I was asked by a fellow chaser about my thoughts as to why convective initiation failed during the afternoon south of the central Iowa activity... Here are my thoughts:
I think the fact that the winds veered a bit ahead of the dryline resulted in less surface convergence. There aren't any upper air soundings from the area ahead of the dryline/pacific front, as TOP is too far west, OAX is west, DVN is east, MPX is too far north... SGF was in the warm sector, but too far ahead of the dryline, which explains the low instability on that sounding. Regardless, there was relatively weak surface convergence on the dryline/front. Weak instability (max of 1000 SBCAPE) created problems as well... With the very strong flow aloft, dry air entrainment was likely intense, so any updraft that tried to develop probably just couldn't survive the hostile environment (very high shear). This strong shear not only likely ripped up updrafts / TCu, but also forced try air into the updraft, leading to evaporational cooling, and thus killing the updraft. We really needed stronger convergence (to allow for more persistant initiation attemps) and stronger instability to allow an updraft to survive the high wind shear and dry air entrainment aloft.
In addition, The vort max swung through eastern Kansas in the late morning, and was located from central MO to Des Moines to northwestern IA by 0z. Differential negative vorticity advection was then occuring behind this wave, which leads to large-scale subsidence across eastern KS and western MO by afternoon. This then leads to warming mid-level temperatures, further reducing potential instability, and yielding a stronger cap. Subsidence aloft also likely diminished convergence at the surface. Meanwhile, the supercells in central Iowa formed immediately ahead of the vort max (the convection aided by strong DPVA ahead of the wave).
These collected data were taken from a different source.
lemma sum_pinned_configurations:
  assumes "finite \<Lambda>" "x \<notin> \<Lambda>" "\<Y> \<subseteq> Pow \<Lambda>"
  shows "(\<Sum>Y\<in>\<Y>. (\<Prod>y\<in>insert x Y. z y) * kappa W (insert x Y))
       = z x * W {x} * (\<Sum>Y\<in>\<Y>. (\<Prod>y\<in>Y. z y) * kappa (absorb x (Pow \<Lambda>) W) Y)"
  unfolding sum_distrib_left
proof (rule sum.cong[OF refl])
  fix Y assume "Y \<in> \<Y>"
  then have "finite Y" "x \<notin> Y" "Pow Y \<subseteq> Pow \<Lambda>"
    using assms by (auto intro: finite_subset)
  then show "(\<Prod>y\<in>insert x Y. z y) * kappa W (insert x Y)
      = z x * W {x} * ((\<Prod>y\<in>Y. z y) * kappa (absorb x (Pow \<Lambda>) W) Y)"
    by (simp add: kappa_insert_absorb algebra_simps)
qed

lemma Zpinned_eq_Zpart_absorb:
  assumes "finite \<Lambda>" "x \<notin> \<Lambda>"
  shows "Zpinned z W x \<Lambda> = z x * W {x} * Zpart z (absorb x (Pow \<Lambda>) W) \<Lambda>"
  unfolding Zpinned_def Zpart_def using assms by (simp add: sum_pinned_configurations)

definition Zcontaining :: "('a \<Rightarrow> complex) \<Rightarrow> ('a set \<Rightarrow> complex) \<Rightarrow> 'a set \<Rightarrow> 'a set \<Rightarrow> complex" where
  "Zcontaining z W \<Lambda> S = (\<Sum>Y\<in>{Y\<in>Pow \<Lambda>. S \<subseteq> Y}. (\<Prod>y\<in>Y. z y) * kappa W Y)"

lemma Zcontaining_empty: "Zcontaining z W \<Lambda> {} = Zpart z W \<Lambda>"
  unfolding Zcontaining_def Zpart_def by (rule sum.cong) auto

lemma Zcontaining_insert:
  assumes fin: "finite \<Lambda>" and x: "x \<notin> \<Lambda>" "x \<notin> S"
  shows "Zcontaining z W (insert x \<Lambda>) (insert x S) = z x * W {x} * Zcontaining z (absorb x (Pow \<Lambda>) W) \<Lambda> S"
proof -
  let ?\<Y> = "{Y\<in>Pow \<Lambda>. S \<subseteq> Y}"
  have configs: "{Y\<in>Pow (insert x \<Lambda>). insert x S \<subseteq> Y} = insert x ` ?\<Y>"
    using x by (auto simp: Pow_insert image_iff)
  have inj: "inj_on (insert x) ?\<Y>"
    by (rule inj_on_subset[OF inj_on_insert_notin]) (use x in auto)
  show ?thesis
    unfolding Zcontaining_def configs sum.reindex[OF inj] o_def
    by (rule sum_pinned_configurations[OF fin x(1)]) auto
qed

lemma absorb_insert:
  assumes "T \<notin> A" "T \<noteq> {}"
  shows "absorb x (insert T A) W U = absorb x A W U * (if U = T then W (insert x T) else 1)"
  unfolding absorb_def using assms by auto

lemma kappa_absorb_insert:
  assumes "T \<notin> A" "T \<noteq> {}" "finite Y"
  shows "kappa (absorb x (insert T A) W) Y = kappa (absorb x A W) Y * (if T \<subseteq> Y then W (insert x T) else 1)"
  unfolding kappa_def absorb_insert[OF assms(1,2)] prod.distrib
  using assms by (subst prod.delta) auto

lemma Zpart_absorb_insert:
  assumes "T \<notin> A" "T \<noteq> {}" "finite \<Lambda>"
  shows "Zpart z (absorb x (insert T A) W) \<Lambda>
       = Zpart z (absorb x A W) \<Lambda> + (W (insert x T) - 1) * Zcontaining z (absorb x A W) \<Lambda> T"
proof -
  have "Zpart z (absorb x (insert T A) W) \<Lambda> = (\<Sum>Y\<in>Pow \<Lambda>. (\<Prod>y\<in>Y. z y) * kappa (absorb x A W) Y
      + (if T \<subseteq> Y then (W (insert x T) - 1) * ((\<Prod>y\<in>Y. z y) * kappa (absorb x A W) Y) else 0))"
    unfolding Zpart_def
  proof (rule sum.cong[OF refl])
    fix Y assume "Y \<in> Pow \<Lambda>"
    then have "finite Y" using assms finite_subset by auto
    then show "(\<Prod>y\<in>Y. z y) * kappa (absorb x (insert T A) W) Y = (\<Prod>y\<in>Y. z y) * kappa (absorb x A W) Y
      + (if T \<subseteq> Y then (W (insert x T) - 1) * ((\<Prod>y\<in>Y. z y) * kappa (absorb x A W) Y) else 0)"
      using kappa_absorb_insert[OF assms(1,2)] by (simp add: algebra_simps)
  qed
  also have "\<dots> = Zpart z (absorb x A W) \<Lambda> + (W (insert x T) - 1) * Zcontaining z (absorb x A W) \<Lambda> T"
    unfolding Zpart_def Zcontaining_def sum.distrib sum_distrib_left using assms(3)
    by (subst sum.inter_filter) (auto intro!: sum.cong)
  finally show ?thesis .
qed

definition odds :: "('a \<Rightarrow> real) \<Rightarrow> 'a \<Rightarrow> real" where
  "odds r = (\<lambda>y. r y / (1 - r y))"

lemma odds_nonneg: "(\<And>x. 0 \<le> r x \<and> r x < 1) \<Longrightarrow> 0 \<le> odds r s"
  unfolding odds_def by (metis diff_ge_0_iff_ge divide_nonneg_nonneg less_eq_real_def)

definition finite_volume_condition ::
    "('a \<Rightarrow> real) \<Rightarrow> ('a \<Rightarrow> complex) \<Rightarrow> ('a set \<Rightarrow> complex) \<Rightarrow> 'a set \<Rightarrow> bool" where
  "finite_volume_condition r z W \<Lambda> \<longleftrightarrow>
     (\<forall>y\<in>\<Lambda>. cmod (z y) * (\<Prod>T\<in>{T\<in>Pow \<Lambda>. y \<in> T}. max_factor W (odds r) y T) \<le> r y)"

lemma max_factor_absorb_le:
  assumes "finite T" "\<And>s. 0 \<le> \<alpha> s" "x \<noteq> y"
  shows "max_factor (absorb x A W) \<alpha> y T \<le> max_factor W \<alpha> y T * max_factor W \<alpha> y (insert x T)"
proof (cases "T \<in> A \<and> T \<noteq> {}")
  case True
  then show ?thesis
    by (intro max_factor_mult_le assms) (simp add: absorb_def)
next
  case False
  then have "absorb x A W T = W T"
    unfolding absorb_def by auto
  then have "max_factor (absorb x A W) \<alpha> y T = max_factor W \<alpha> y T"
    unfolding max_factor_def by simp
  moreover have "1 \<le> max_factor W \<alpha> y (insert x T)"
    by (rule max_factor_ge_1) (use assms in auto)
  ultimately show ?thesis
    using max_factor_nonneg[OF assms(1), of W \<alpha> y] by (metis mult_left_mono mult.right_neutral)
qed

lemma finite_volume_condition_absorb:
  assumes r_range: "\<And>x. 0 \<le> r x \<and> r x < 1" and fin: "finite \<Lambda>" and x: "x \<notin> \<Lambda>"
    and cond: "finite_volume_condition r z W (insert x \<Lambda>)"
  shows "finite_volume_condition r z (absorb x A W) \<Lambda>"
  unfolding finite_volume_condition_def
proof
  fix y assume y: "y \<in> \<Lambda>"
  let ?f = "max_factor W (odds r) y"
  let ?\<T> = "{T\<in>Pow \<Lambda>. y \<in> T}"
  have "x \<noteq> y"
    using x y by auto
  have odds_nonneg': "0 \<le> odds r s" for s
    using r_range by (rule odds_nonneg)
  have "{T\<in>Pow \<Lambda>. y \<in> insert x T} = ?\<T>"
    using x y by auto
  then have split: "(\<Prod>T\<in>{T\<in>Pow (insert x \<Lambda>). y \<in> T}. ?f T) = (\<Prod>T\<in>?\<T>. ?f T * ?f (insert x T))"
    using prod_Pow_insert[OF fin x, where P = "\<lambda>T. y \<in> T" and f = ?f] by (simp add: prod.distrib)
  have "(\<Prod>T\<in>?\<T>. max_factor (absorb x A W) (odds r) y T) \<le> (\<Prod>T\<in>?\<T>. ?f T * ?f (insert x T))"
  proof (rule prod_mono)
    fix T assume "T \<in> ?\<T>"
    then have "finite T"
      using fin finite_subset by auto
    then show "0 \<le> max_factor (absorb x A W) (odds r) y T
        \<and> max_factor (absorb x A W) (odds r) y T \<le> ?f T * ?f (insert x T)"
      using \<open>x \<noteq> y\<close> by (intro conjI max_factor_nonneg max_factor_absorb_le odds_nonneg')
  qed
  then have "cmod (z y) * (\<Prod>T\<in>?\<T>. max_factor (absorb x A W) (odds r) y T)
      \<le> cmod (z y) * (\<Prod>T\<in>{T\<in>Pow (insert x \<Lambda>). y \<in> T}. ?f T)"
    unfolding split by (rule mult_left_mono) simp
  also have "\<dots> \<le> r y"
    using cond y unfolding finite_volume_condition_def by auto
  finally show "cmod (z y) * (\<Prod>T\<in>?\<T>. max_factor (absorb x A W) (odds r) y T) \<le> r y" .
qed

text \<open>The induction hypothesis on the volume. It quantifies over all interactions because pinning
  a point replaces \<open>W\<close> by an absorbed interaction.\<close>
definition pinned_ratio_bound :: "('a \<Rightarrow> real) \<Rightarrow> ('a \<Rightarrow> complex) \<Rightarrow> nat \<Rightarrow> bool" where
  "pinned_ratio_bound r z N \<longleftrightarrow>
     (\<forall>W x \<Lambda>. finite \<Lambda> \<and> card \<Lambda> < N \<and> x \<notin> \<Lambda> \<and> finite_volume_condition r z W (insert x \<Lambda>)
        \<longrightarrow> cmod (Zpinned z W x \<Lambda>) \<le> r x * cmod (Zpart z W \<Lambda>))"

lemma Zcontaining_le:
  assumes r_range: "\<And>x. 0 \<le> r x \<and> r x < 1" and bound: "pinned_ratio_bound r z N" and "finite S"
  shows "finite \<Lambda> \<Longrightarrow> card \<Lambda> \<le> N \<Longrightarrow> finite_volume_condition r z W \<Lambda> \<Longrightarrow> S \<subseteq> \<Lambda> \<Longrightarrow>
     cmod (Zcontaining z W \<Lambda> S) \<le> (\<Prod>s\<in>S. odds r s) * cmod (Zpart z W \<Lambda>)"
  using \<open>finite S\<close>
proof (induction S arbitrary: \<Lambda> W rule: finite_induct)
  case empty
  then show ?case
    by (simp add: Zcontaining_empty)
next
  case (insert s S)
  define \<Lambda>' where "\<Lambda>' = \<Lambda> - {s}"
  define W' where "W' = absorb s (Pow \<Lambda>') W"
  have \<Lambda>: "\<Lambda> = insert s \<Lambda>'" "finite \<Lambda>'" "s \<notin> \<Lambda>'" "card \<Lambda>' < N"
  proof -
    have "s \<in> \<Lambda>" "finite \<Lambda>" "card \<Lambda> \<le> N"
      using insert.prems by auto
    then show "\<Lambda> = insert s \<Lambda>'" "finite \<Lambda>'" "s \<notin> \<Lambda>'" "card \<Lambda>' < N"
      unfolding \<Lambda>'_def using card_Diff1_less[of \<Lambda> s] by auto
  qed
  have "cmod (Zcontaining z W' \<Lambda>' S) \<le> (\<Prod>s\<in>S. odds r s) * cmod (Zpart z W' \<Lambda>')"
  proof (rule insert.IH)
    show "finite_volume_condition r z W' \<Lambda>'"
      unfolding W'_def using insert.prems \<Lambda> by (intro finite_volume_condition_absorb r_range) auto
  qed (use insert \<Lambda> in auto)
  then have "cmod (Zcontaining z W \<Lambda> (insert s S))
      \<le> cmod (z s * W {s}) * ((\<Prod>s\<in>S. odds r s) * cmod (Zpart z W' \<Lambda>'))"
    unfolding \<Lambda>(1) W'_def Zcontaining_insert[OF \<Lambda>(2,3) insert.hyps(2)] norm_mult[of "z s * W {s}"]
    by (rule mult_left_mono) simp
  also have "\<dots> = (\<Prod>s\<in>S. odds r s) * cmod (Zpinned z W s \<Lambda>')"
    unfolding W'_def Zpinned_eq_Zpart_absorb[OF \<Lambda>(2,3)] norm_mult by (simp add: algebra_simps)
  also have "\<dots> \<le> (\<Prod>s\<in>S. odds r s) * (odds r s * cmod (Zpart z W \<Lambda>))"
  proof (rule mult_left_mono)
    have "cmod (Zpinned z W s \<Lambda>') \<le> r s * cmod (Zpart z W \<Lambda>')"
      using bound \<Lambda> insert.prems unfolding pinned_ratio_bound_def by auto
    then show "cmod (Zpinned z W s \<Lambda>') \<le> odds r s * cmod (Zpart z W \<Lambda>)"
      unfolding \<Lambda>(1) Zpart_insert[OF \<Lambda>(2,3)] odds_def using r_range
      by (intro norm_le_odds_norm_add) auto
  qed (intro prod_nonneg odds_nonneg r_range)
  also have "\<dots> = (\<Prod>s\<in>insert s S. odds r s) * cmod (Zpart z W \<Lambda>)"
    using insert.hyps by (simp add: algebra_simps)
  finally show ?case .
qed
The position of the jet streak in the upper-levels also places eastern KS and extreme western MO is the left-entrance region, which yields upper-level convergence, and creating more subsidence and weakening surface convergence along the dryline.
A weak shortwave / vort max is seen on the RUC analysis in central OK, which is likely promoting the convective development that has occurred the past few hours in southeastern OK and extreme sw MO.